2. The multiplier of claim 1, wherein the regular signed number coding circuit comprises a data input port for receiving th data subjected to regular signed number coding and a target coding output port for outputting a target code obtained by performing regular signed number coding on the th data.
3. The multiplier of claim 1 or 2, wherein the partial product acquisition circuit comprises an and circuit.
4. The multiplier of claim 1, wherein the modified Wallace tree group sub-circuit comprises Wallace tree cells configured to perform an accumulated correction process on each columns of values of the partial product after sign-elimination extension.
5. The multiplier of claim 1, wherein the accumulation sub-circuit comprises: and the adder is used for adding the accumulated correction operation result.
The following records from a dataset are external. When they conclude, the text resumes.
definition sgraph :: "'a set \<Rightarrow> ('a \<Rightarrow> 'a \<Rightarrow> bool) \<Rightarrow> bool" where
  "sgraph V E \<longleftrightarrow> finite V \<and> (\<forall>u v. E u v \<longrightarrow> u \<in> V \<and> v \<in> V)
     \<and> (\<forall>u v. E u v \<longrightarrow> E v u) \<and> (\<forall>v. \<not> E v v)"

definition neighbors :: "('a \<Rightarrow> 'a \<Rightarrow> bool) \<Rightarrow> 'a \<Rightarrow> 'a set" where
  "neighbors E v = {u. E v u}"

definition regular :: "'a set \<Rightarrow> ('a \<Rightarrow> 'a \<Rightarrow> bool) \<Rightarrow> nat \<Rightarrow> bool" where
  "regular V E d \<longleftrightarrow> (\<forall>v\<in>V. card (neighbors E v) = d)"

text \<open>A walk is a nonempty vertex list with consecutive vertices adjacent; its length is length xs - 1.\<close>
definition walk :: "('a \<Rightarrow> 'a \<Rightarrow> bool) \<Rightarrow> 'a list \<Rightarrow> bool" where
  "walk E xs \<longleftrightarrow> xs \<noteq> [] \<and> (\<forall>i. Suc i < length xs \<longrightarrow> E (xs ! i) (xs ! Suc i))"

definition gdist :: "('a \<Rightarrow> 'a \<Rightarrow> bool) \<Rightarrow> 'a \<Rightarrow> 'a \<Rightarrow> enat" where
  "gdist E u v = (if \<exists>xs. walk E xs \<and> hd xs = u \<and> last xs = v
     then enat (LEAST k. \<exists>xs. walk E xs \<and> hd xs = u \<and> last xs = v \<and> length xs = Suc k)
     else \<infinity>)"

definition is_cycle :: "('a \<Rightarrow> 'a \<Rightarrow> bool) \<Rightarrow> 'a list \<Rightarrow> bool" where
  "is_cycle E xs \<longleftrightarrow> length xs \<ge> 3 \<and> distinct xs \<and>
     (\<forall>i < length xs. E (xs ! i) (xs ! ((i + 1) mod length xs)))"

definition girth_ge :: "'a set \<Rightarrow> ('a \<Rightarrow> 'a \<Rightarrow> bool) \<Rightarrow> nat \<Rightarrow> bool" where
  "girth_ge V E g \<longleftrightarrow> (\<forall>xs. set xs \<subseteq> V \<and> is_cycle E xs \<longrightarrow> length xs \<ge> g)"

definition rad :: "'a set \<Rightarrow> ('a \<Rightarrow> 'a \<Rightarrow> bool) \<Rightarrow> ('a \<Rightarrow> 'a) \<Rightarrow> enat" where
  "rad V E \<psi> = (SUP v\<in>V. gdist E v (\<psi> v))"
(* Let $p>3$ be a prime. Then $$\sum_{k=1}^{(p-3)/2}\frac{(-1)^k\binom{(p-1)/2}{k}\,(2H_{2k}-H_k)}{2k+1}\equiv -2(-1)^{(p-1)/2}q_p(2)^2\pmod p.$$
   Context: $H_n=\sum_{0<j\le n}1/j$ is the $n$-th harmonic number ($H_0=0$), and $q_p(2)=(2^{p-1}-1)/p$ is the Fermat quotient. Congruences between rationals modulo $p$ mean the difference is $p$ times a rational with denominator prime to $p$. *)

theory Defs
  imports Complex_Main "HOL-Number_Theory.Number_Theory"
begin

definition harm :: "nat \<Rightarrow> rat" where
  "harm n = (\<Sum>j\<in>{1..n}. 1 / of_nat j)"

definition fermat_quotient2 :: "nat \<Rightarrow> rat" where
  "fermat_quotient2 p = (2 ^ (p - 1) - 1) / of_nat p"

definition rat_cong :: "rat \<Rightarrow> rat \<Rightarrow> nat \<Rightarrow> bool" where
  "rat_cong x y p \<longleftrightarrow>
     (\<exists>a b :: int. b \<noteq> 0 \<and> \<not> int p dvd b \<and> x - y = of_nat p * (of_int a / of_int b))"

end

theory Submission
  imports Defs
begin

text \<open>
  Differentiating the Chu--Vandermonde identity
  \<open>\<Sum>\<^sub>k (-1)\<^sup>k C(m,k) (a)\<^sub>k / (b)\<^sub>k = (b - a)\<^sub>m / (b)\<^sub>m\<close> with respect to \<open>a\<close>
  and evaluating at \<open>a = 1/2\<close>, \<open>b = 3/2\<close> sums the series over all \<open>0 \<le> k \<le> m\<close>:
  it equals \<open>-4\<^sup>m H\<^sub>m / ((2m+1) C(2m,m))\<close>.  For \<open>p = 2m + 1\<close> the extra term \<open>k = m\<close> is
  \<open>(-1)\<^sup>m (2H\<^sub>p\<^sub>-\<^sub>1 - H\<^sub>m) / p\<close>, and \<open>H\<^sub>p\<^sub>-\<^sub>1 \<equiv> 0 (mod p\<^sup>2)\<close> by Wolstenholme.
  The products \<open>(-1)\<^sup>m C(2m,m) = \<Prod>\<^sub>i\<^sub>\<le>\<^sub>m (1 - p/i)\<close> and
  \<open>(-1)\<^sup>m C(2m,m)/4\<^sup>m = \<Prod>\<^sub>i\<^sub>\<le>\<^sub>m (1 - p/(2i))\<close> are \<open>1 - pH\<^sub>m\<close> and \<open>1 - pH\<^sub>m/2\<close> modulo \<open>p\<^sup>2\<close>;
  comparing them gives \<open>q\<^sub>p(2) \<equiv> -H\<^sub>m/2\<close>, and the truncated sum is
  \<open>\<equiv> -(-1)\<^sup>m H\<^sub>m\<^sup>2/2 \<equiv> -2(-1)\<^sup>m q\<^sub>p(2)\<^sup>2 (mod p)\<close>.
\<close>

section \<open>A binomial sum of harmonic numbers\<close>

lemma alternating_binomial_sum_Suc:
  fixes f :: "nat \<Rightarrow> 'a::comm_ring_1"
  shows "(\<Sum>k\<le>Suc m. (-1)^k * of_nat (Suc m choose k) * f k)
       = (\<Sum>k\<le>m. (-1)^k * of_nat (m choose k) * (f k - f (Suc k)))"
proof -
  have "(\<Sum>k\<le>Suc m. (-1)^k * of_nat (Suc m choose k) * f k)
      = f 0 + (\<Sum>k\<le>m. (-1)^Suc k * of_nat (Suc m choose Suc k) * f (Suc k))"
    by (simp add: sum.atMost_Suc_shift del: sum.atMost_Suc)
  also have "\<dots> = (\<Sum>k\<le>m. (-1)^Suc k * of_nat (m choose k) * f (Suc k))
      + (f 0 + (\<Sum>k\<le>m. (-1)^Suc k * of_nat (m choose Suc k) * f (Suc k)))"
    by (simp only: binomial_Suc_Suc of_nat_add distrib_left distrib_right sum.distrib)
      (simp add: ac_simps)
  also have "f 0 + (\<Sum>k\<le>m. (-1)^Suc k * of_nat (m choose Suc k) * f (Suc k))
      = (\<Sum>k\<le>Suc m. (-1)^k * of_nat (m choose k) * f k)"
    by (simp add: sum.atMost_Suc_shift del: sum.atMost_Suc)
  also have "\<dots> = (\<Sum>k\<le>m. (-1)^k * of_nat (m choose k) * f k)"
    by (simp add: binomial_eq_0)
  finally show ?thesis
    by (simp add: sum_subtractf right_diff_distrib sum_negf)
qed

text \<open>The derivative of \<open>pochhammer a k\<close> with respect to \<open>a\<close>, by the product rule applied to
  \<open>(a)\<^sub>k\<^sub>+\<^sub>1 = (a)\<^sub>k (a + k)\<close>.\<close>
primrec pochhammer_deriv :: "'a::comm_ring_1 \<Rightarrow> nat \<Rightarrow> 'a" where
  "pochhammer_deriv a 0 = 0"
| "pochhammer_deriv a (Suc k) = pochhammer_deriv a k * (a + of_nat k) + pochhammer a k"

lemma pochhammer_deriv_Suc':
  "pochhammer_deriv a (Suc k) = pochhammer (a + 1) k + a * pochhammer_deriv (a + 1) k"
proof (induction k)
  case 0
  then show ?case by simp
next
  case (Suc k)
  have "pochhammer_deriv a (Suc (Suc k))
      = (pochhammer (a + 1) k + a * pochhammer_deriv (a + 1) k) * (a + 1 + of_nat k)
        + a * pochhammer (a + 1) k"
    using Suc.IH by (simp add: pochhammer_rec algebra_simps)
  also have "\<dots> = pochhammer (a + 1) (Suc k) + a * pochhammer_deriv (a + 1) (Suc k)"
    by (simp add: pochhammer_Suc algebra_simps)
  finally show ?case .
qed
text \<open>
  Upper bound.  For a strictly increasing potential x, the cost of a flow f, i.e. the sum of
  f i j * (x i - x j) over all edges, depends only on its net flow N.  Summing geometric series
  over the entries therefore gives K(N) * exp <x, N> <= prod over i < j of 1 / (1 - exp (x i - x j)).
  For x i = ln (i + 1) / 2 the logarithm of the product is a sum of left Riemann sums of
  psi t = - ln (1 - sqrt t), whose integral over [0, 1] is 3/2; with - <x, N> <= n (n + 1) / 2
  this gives ln K <= 5/4 n^2 + O(n log n), and 5/4 < 9 ln 2 - 9/2 ln 3.

  Lower bound.  Letting each vertex i < n split its own supply n arbitrarily among the edges
  (i, j) with j < n, and sending everything else straight to the sink n, gives
  K >= prod over i < n of C(n + i, n).  As C(n + a + b, n) <= C(n + a, n) * C(n + b, n), pairing
  the factors i and n - 1 - i bounds the square of this product below by
  C(2n - 1, n)^n >= (4^n / 4n)^n.
\<close>

section \<open>Flows and their generating function\<close>

definition kostant_flows :: "nat \<Rightarrow> (nat \<Rightarrow> int) \<Rightarrow> (nat \<Rightarrow> nat \<Rightarrow> nat) set" where
  "kostant_flows n N = {f. (\<forall>i j. \<not> (i < j \<and> j \<le> n) \<longrightarrow> f i j = 0) \<and>
     (\<forall>i\<le>n. (\<Sum>j\<in>{i<..n}. int (f i j)) - (\<Sum>k<i. int (f k i)) = N i)}"

lemma kostant_eq_card_kostant_flows: "kostant n N = card (kostant_flows n N)"
  by (simp add: kostant_def kostant_flows_def)

lemma kostant_flows_vanish:
  "f \<in> kostant_flows n N \<Longrightarrow> \<not> (i < j \<and> j \<le> n) \<Longrightarrow> f i j = 0"
  by (simp add: kostant_flows_def)

lemma kostant_flows_balance:
  "f \<in> kostant_flows n N \<Longrightarrow> i \<le> n \<Longrightarrow>
    (\<Sum>j\<in>{i<..n}. int (f i j)) - (\<Sum>k<i. int (f k i)) = N i"
  by (simp add: kostant_flows_def)

definition pos_roots :: "nat \<Rightarrow> (nat \<times> nat) set" where
  "pos_roots n = {(i, j). i < j \<and> j \<le> n}"

lemma pos_roots_eq_Sigma: "pos_roots n = (SIGMA i:{..n}. {i<..n})"
  by (auto simp: pos_roots_def)

lemma finite_pos_roots [simp]: "finite (pos_roots n)"
  by (simp add: pos_roots_eq_Sigma)

lemma sum_pos_roots_rows: "(\<Sum>(i, j)\<in>pos_roots n. g i j) = (\<Sum>i\<le>n. \<Sum>j\<in>{i<..n}. g i j)"
  by (simp add: pos_roots_eq_Sigma sum.Sigma)

lemma sum_pos_roots_cols: "(\<Sum>(i, j)\<in>pos_roots n. g i j) = (\<Sum>j\<le>n. \<Sum>i<j. g i j)"
proof -
  have "pos_roots n = prod.swap ` (SIGMA j:{..n}. {..<j})"
    by (auto simp: pos_roots_def image_iff)
  then show ?thesis
    by (simp add: sum.reindex sum.Sigma case_prod_beta)
qed

lemma kostant_flows_outflow_le:
  assumes f: "f \<in> kostant_flows n N" and B: "\<forall>i\<le>n. N i \<le> int B"
  shows "i \<le> n \<Longrightarrow> (\<Sum>j\<in>{i<..n}. f i j) \<le> B * 2 ^ i"
proof (induction i rule: less_induct)
  case (less i)
  have "int (\<Sum>j\<in>{i<..n}. f i j) = N i + int (\<Sum>k<i. f k i)"
    using kostant_flows_balance[OF f less.prems] by simp
  moreover have "N i \<le> int B"
    using B less.prems by simp
  ultimately have "(\<Sum>j\<in>{i<..n}. f i j) \<le> B + (\<Sum>k<i. f k i)"
    by linarith
  also have "(\<Sum>k<i. f k i) \<le> (\<Sum>k<i. B * 2 ^ k)"
  proof (rule sum_mono)
    fix k assume k: "k \<in> {..<i}"
    have "f k i \<le> (\<Sum>j\<in>{k<..n}. f k j)"
      using k less.prems by (intro member_le_sum) auto
    also have "\<dots> \<le> B * 2 ^ k"
      using k less.prems by (intro less.IH) auto
    finally show "f k i \<le> B * 2 ^ k" .
  qed
  also have "B + (\<Sum>k<i. B * 2 ^ k) = B * 2 ^ i"
    by (induction i) (simp_all add: algebra_simps)
  finally show ?case by simp
qed

lemma kostant_flows_le:
  assumes f: "f \<in> kostant_flows n N" and B: "\<forall>i\<le>n. N i \<le> int B"
  shows "f i j \<le> B * 2 ^ n"
proof (cases "i < j \<and> j \<le> n")
  case True
  then have "f i j \<le> (\<Sum>j\<in>{i<..n}. f i j)"
    by (intro member_le_sum) auto
  also have "\<dots> \<le> B * 2 ^ i"
    using True by (intro kostant_flows_outflow_le[OF f B]) simp
  also have "\<dots> \<le> B * 2 ^ n"
    using True by simp
  finally show ?thesis .
qed (simp add: kostant_flows_vanish[OF f])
6, machine learning arithmetic device, which comprises or more multipliers as claimed in any of claims 1-5, for obtaining input data and control information to be operated from other processing devices except the multipliers in the machine learning arithmetic device, executing the designated machine learning arithmetic, and transmitting the execution result to other processing devices except the multipliers in the machine learning arithmetic device through I/O interface;

when the machine learning arithmetic device comprises a plurality of multipliers, the multipliers are connected through a preset structure and transmit data;

the multipliers are interconnected through a PCIE bus and transmit data to support larger-scale machine learning operation, the multipliers share the same control system or own control system, the multipliers share a memory or own memory, and the interconnection mode of the multipliers is any interconnection topology.
7, kinds of combined processing device, characterized in that, the combined processing device comprises the machine learning arithmetic device of claim 6, a universal interconnection interface and other processing devices except the machine learning arithmetic device in the combined processing device;

and the machine learning arithmetic device interacts with other processing devices except the machine learning arithmetic device in the combined processing device to jointly complete the calculation operation designated by the user.
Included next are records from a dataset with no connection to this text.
(* Let $X$ be a Banach space, $D\subset X$ closed, bounded and convex, and $\tau$ a locally convex topology on $D$ containing the relative weak topology of $D$. Let $C$ be a convex subset of $D$, $\varepsilon>0$, $n,k\in\mathbb{N}$ and $\{x_1,\dots,x_k\}\subset X$. If $(\widetilde O_i)_{i=1}^n$ are nonempty sets in $\tau|_C$, then there is another $n$-tuple $(O_i)_{i=1}^n$ of nonempty $\tau|_C$-open sets with $O_i\subset\widetilde O_i$ such that $$\operatorname{diam}\Big(\sum_{i=1}^n\lambda(i)O_i\Big)\le 2\,d\Big(\{x_1,\dots,x_k\},\sum_{i=1}^n\lambda(i)O_i\Big)+\varepsilon\quad\text{for all }\lambda\in S^+_{\ell_1^n}.$$
   Context: $\tau|_C$ is the topology induced by $\tau$ on $C$; locally convex means having a basis of convex open sets. $S^+_{\ell_1^n}=\{\lambda\in\mathbb{R}^n:\lambda(i)\ge0,\ \sum_i\lambda(i)=1\}$. Sums of sets are Minkowski sums and $d(A,B)=\inf\{\|a-b\|:a\in A,b\in B\}$. *)

theory Defs
  imports "HOL-Analysis.Analysis"
begin

definition weak_topology :: "('a::real_normed_vector) topology" where
  "weak_topology = topology_generated_by
     {{x. f x \<in> U} | f U. bounded_linear (f :: 'a \<Rightarrow> real) \<and> open U}"

definition locally_convex_topology :: "('a::real_vector) topology \<Rightarrow> bool" where
  "locally_convex_topology T \<longleftrightarrow>
     (\<forall>U x. openin T U \<and> x \<in> U \<longrightarrow> (\<exists>V. openin T V \<and> convex V \<and> x \<in> V \<and> V \<subseteq> U))"

definition scaled_msum :: "nat \<Rightarrow> (nat \<Rightarrow> real) \<Rightarrow> (nat \<Rightarrow> 'a::real_vector set) \<Rightarrow> 'a set" where
  "scaled_msum n lam Os =
     {(\<Sum>i\<in>{1..n}. lam i *\<^sub>R y i) | y. \<forall>i\<in>{1..n}. y i \<in> Os i}"

text \<open>Positive part of the unit sphere of l_1^n (the standard simplex).\<close>
definition simplex_pos :: "nat \<Rightarrow> (nat \<Rightarrow> real) set" where
  "simplex_pos n = {lam. (\<forall>i\<in>{1..n}. 0 \<le> lam i) \<and> (\<Sum>i\<in>{1..n}. lam i) = 1}"

end

theory Submission
  imports Defs
begin

text \<open>
  Only two features of \<open>\<tau>\<close> matter: the preimages of open sets under bounded linear
  functionals are \<open>\<tau>\<close>-open, and \<open>\<tau>|\<^sub>C\<close>-open sets lie in the bounded set \<open>D\<close>.

  By Hahn-Banach, \<open>y \<mapsto> \<parallel>\<Sum>\<^sub>i \<lambda>(i) y\<^sub>i - p\<parallel>\<close> is lower semicontinuous for the product of the weak
  topologies. Hence shrinking the \<open>O\<^sub>i\<close> to a box around a point where this function nearly
  attains its supremum makes its oscillation on the box at most \<open>\<delta>\<close>. Doing this successively
  for the finitely many pairs \<open>(\<lambda>, x\<^sub>j)\<close> with \<open>\<lambda>\<close> on a fine grid, and using boundedness of \<open>D\<close>
  to pass from the grid to all of \<open>S\<^sup>+\<close>, gives \<open>\<parallel>a - x\<^sub>j\<parallel> \<le> \<parallel>z - x\<^sub>j\<parallel> + \<epsilon>/2\<close> for all
  \<open>a, z \<in> \<Sum>\<^sub>i \<lambda>(i) O\<^sub>i\<close>. With the same bound for a second point \<open>b\<close> the triangle inequality
  gives \<open>\<parallel>a - b\<parallel> \<le> 2\<parallel>z - x\<^sub>j\<parallel> + \<epsilon>\<close>.
\<close>

section \<open>Hahn-Banach for sublinear functionals\<close>

definition sublinear :: "('a::real_vector \<Rightarrow> real) \<Rightarrow> bool" where
  "sublinear p \<longleftrightarrow> (\<forall>x y. p (x + y) \<le> p x + p y) \<and> (\<forall>c x. 0 < c \<longrightarrow> p (c *\<^sub>R x) = c * p x)"

lemma sublinear_norm: "sublinear norm"
  by (simp add: sublinear_def norm_triangle_ineq)

text \<open>A linear functional on a subspace, dominated by \<open>p\<close>, is represented by its graph, so that
  Zorn's lemma can be applied to set inclusion.\<close>

definition dominated_linear_graph :: "('a::real_vector \<Rightarrow> real) \<Rightarrow> ('a \<times> real) set \<Rightarrow> bool" where
  "dominated_linear_graph p G \<longleftrightarrow>
     (0, 0) \<in> G \<and>
     (\<forall>x a y b. (x, a) \<in> G \<longrightarrow> (y, b) \<in> G \<longrightarrow> (x + y, a + b) \<in> G) \<and>
     (\<forall>c x a. (x, a) \<in> G \<longrightarrow> (c *\<^sub>R x, c * a) \<in> G) \<and>
     (\<forall>x a b. (x, a) \<in> G \<longrightarrow> (x, b) \<in> G \<longrightarrow> a = b) \<and>
     (\<forall>x a. (x, a) \<in> G \<longrightarrow> a \<le> p x)"

lemma dominated_linear_graphD:
  assumes "dominated_linear_graph p G"
  shows "(0, 0) \<in> G"
    and "(x, a) \<in> G \<Longrightarrow> (y, b) \<in> G \<Longrightarrow> (x + y, a + b) \<in> G"
    and "(x, a) \<in> G \<Longrightarrow> (c *\<^sub>R x, c * a) \<in> G"
    and "(x, a) \<in> G \<Longrightarrow> (x, b) \<in> G \<Longrightarrow> a = b"
    and "(x, a) \<in> G \<Longrightarrow> a \<le> p x"
  using assms unfolding dominated_linear_graph_def by blast+

lemma dominated_linear_graph_Union_chain:
  assumes "\<C> \<in> chains {G. dominated_linear_graph p G}" and "\<C> \<noteq> {}"
  shows "dominated_linear_graph p (\<Union>\<C>)"
proof -
  have dom: "dominated_linear_graph p G" if "G \<in> \<C>" for G
    using assms(1) that unfolding chains_def by blast
  have "\<forall>G\<in>\<C>. \<forall>H\<in>\<C>. G \<subseteq> H \<or> H \<subseteq> G"
    using assms(1) by (auto simp: chains_def chain_subset_def)
  then have common: "\<exists>G\<in>\<C>. u \<in> G \<and> w \<in> G" if "u \<in> \<Union>\<C>" "w \<in> \<Union>\<C>" for u w
    using that by blast
  obtain G0 where "G0 \<in> \<C>" using assms(2) by blast
  show ?thesis
    unfolding dominated_linear_graph_def
  proof (intro conjI allI impI)
    show "(0, 0) \<in> \<Union>\<C>" using dominated_linear_graphD(1)[OF dom] \<open>G0 \<in> \<C>\<close> by blast
  next
    fix x a y b assume "(x, a) \<in> \<Union>\<C>" "(y, b) \<in> \<Union>\<C>"
    then obtain G where "G \<in> \<C>" "(x, a) \<in> G" "(y, b) \<in> G" using common by blast
    then show "(x + y, a + b) \<in> \<Union>\<C>" using dominated_linear_graphD(2)[OF dom] by blast
  next
    fix c x a assume "(x, a) \<in> \<Union>\<C>"
    then show "(c *\<^sub>R x, c * a) \<in> \<Union>\<C>" using dominated_linear_graphD(3)[OF dom] by blast
  next
    fix x a b assume "(x, a) \<in> \<Union>\<C>" "(x, b) \<in> \<Union>\<C>"
    then obtain G where "G \<in> \<C>" "(x, a) \<in> G" "(x, b) \<in> G" using common by blast
    then show "a = b" using dominated_linear_graphD(4)[OF dom] by blast
  next
    fix x a assume "(x, a) \<in> \<Union>\<C>"
    then show "a \<le> p x" using dominated_linear_graphD(5)[OF dom] by blast
  qed
qed

lemma dominated_linear_graph_extension_value:
  assumes p: "sublinear p" and G: "dominated_linear_graph p G"
  obtains c where "\<And>m a. (m, a) \<in> G \<Longrightarrow> a - p (m - x0) \<le> c"
    and "\<And>m a. (m, a) \<in> G \<Longrightarrow> c \<le> p (m + x0) - a"
proof -
  define L where "L = {a - p (m - x0) | m a. (m, a) \<in> G}"
  have below: "a - p (m - x0) \<le> p (m' + x0) - a'" if "(m, a) \<in> G" "(m', a') \<in> G" for m a m' a'
  proof -
    have "a + a' \<le> p ((m - x0) + (m' + x0))"
      using dominated_linear_graphD(5)[OF G dominated_linear_graphD(2)[OF G that]] by simp
    also have "\<dots> \<le> p (m - x0) + p (m' + x0)"
      using p unfolding sublinear_def by blast
    finally show ?thesis by simp
  qed
  have "L \<noteq> {}" using dominated_linear_graphD(1)[OF G] unfolding L_def by blast
  moreover have "bdd_above L"
    unfolding L_def bdd_above_def using below[OF _ dominated_linear_graphD(1)[OF G]] by auto
  ultimately show ?thesis
    using below by (intro that[of "Sup L"] cSup_upper cSup_least) (auto simp: L_def)
qed

lemma dominated_linear_graph_extension_dominated:
  assumes p: "sublinear p" and G: "dominated_linear_graph p G" and "(m, a) \<in> G"
    and lower: "\<And>m a. (m, a) \<in> G \<Longrightarrow> a - p (m - x0) \<le> c"
    and upper: "\<And>m a. (m, a) \<in> G \<Longrightarrow> c \<le> p (m + x0) - a"
  shows "a + t * c \<le> p (m + t *\<^sub>R x0)"
proof -
  have hom: "p (s *\<^sub>R x) = s * p x" if "0 < s" for s x
    using p that by (simp add: sublinear_def)
  have scaled: "((1 / s) *\<^sub>R m, (1 / s) * a) \<in> G" for s
    using dominated_linear_graphD(3)[OF G \<open>(m, a) \<in> G\<close>] .
  show ?thesis
  proof (cases t "0 :: real" rule: linorder_cases)
    case less
    define s where "s = - t"
    have "0 < s" using less by (simp add: s_def)
    have "a - s * p ((1 / s) *\<^sub>R m - x0) \<le> s * c"
      using lower[OF scaled[of s]] \<open>0 < s\<close> by (simp add: field_simps)
    moreover have "s *\<^sub>R ((1 / s) *\<^sub>R m - x0) = m + t *\<^sub>R x0"
      using \<open>0 < s\<close> by (simp add: s_def scaleR_diff_right)
    then have "s * p ((1 / s) *\<^sub>R m - x0) = p (m + t *\<^sub>R x0)"
      using hom[OF \<open>0 < s\<close>] by metis
    ultimately show ?thesis by (simp add: s_def)
  next
    case equal
    then show ?thesis using dominated_linear_graphD(5)[OF G \<open>(m, a) \<in> G\<close>] by simp
  next
    case greater
    have "t * c \<le> t * p ((1 / t) *\<^sub>R m + x0) - a"
      using upper[OF scaled[of t]] greater by (simp add: field_simps)
    moreover have "t *\<^sub>R ((1 / t) *\<^sub>R m + x0) = m + t *\<^sub>R x0"
      using greater by (simp add: scaleR_add_right)
    then have "t * p ((1 / t) *\<^sub>R m + x0) = p (m + t *\<^sub>R x0)"
      using hom[OF greater] by metis
    ultimately show ?thesis by simp
  qed
qed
8. The combined processing device according to claim 7, further comprising: and a storage device connected to each of the machine learning arithmetic device and the combined processing device except the machine learning arithmetic device and the storage device, for storing data of the machine learning arithmetic device and the combined processing device except the machine learning arithmetic device and the storage device.
A neural network chip of claim 9, , wherein the neural network chip comprises the machine learning arithmetic device of claim 6 or the combined processing device of claim 7 or the combined processing device of claim 8.
10, electronic device, characterized in that the electronic device comprises a chip according to claim 9.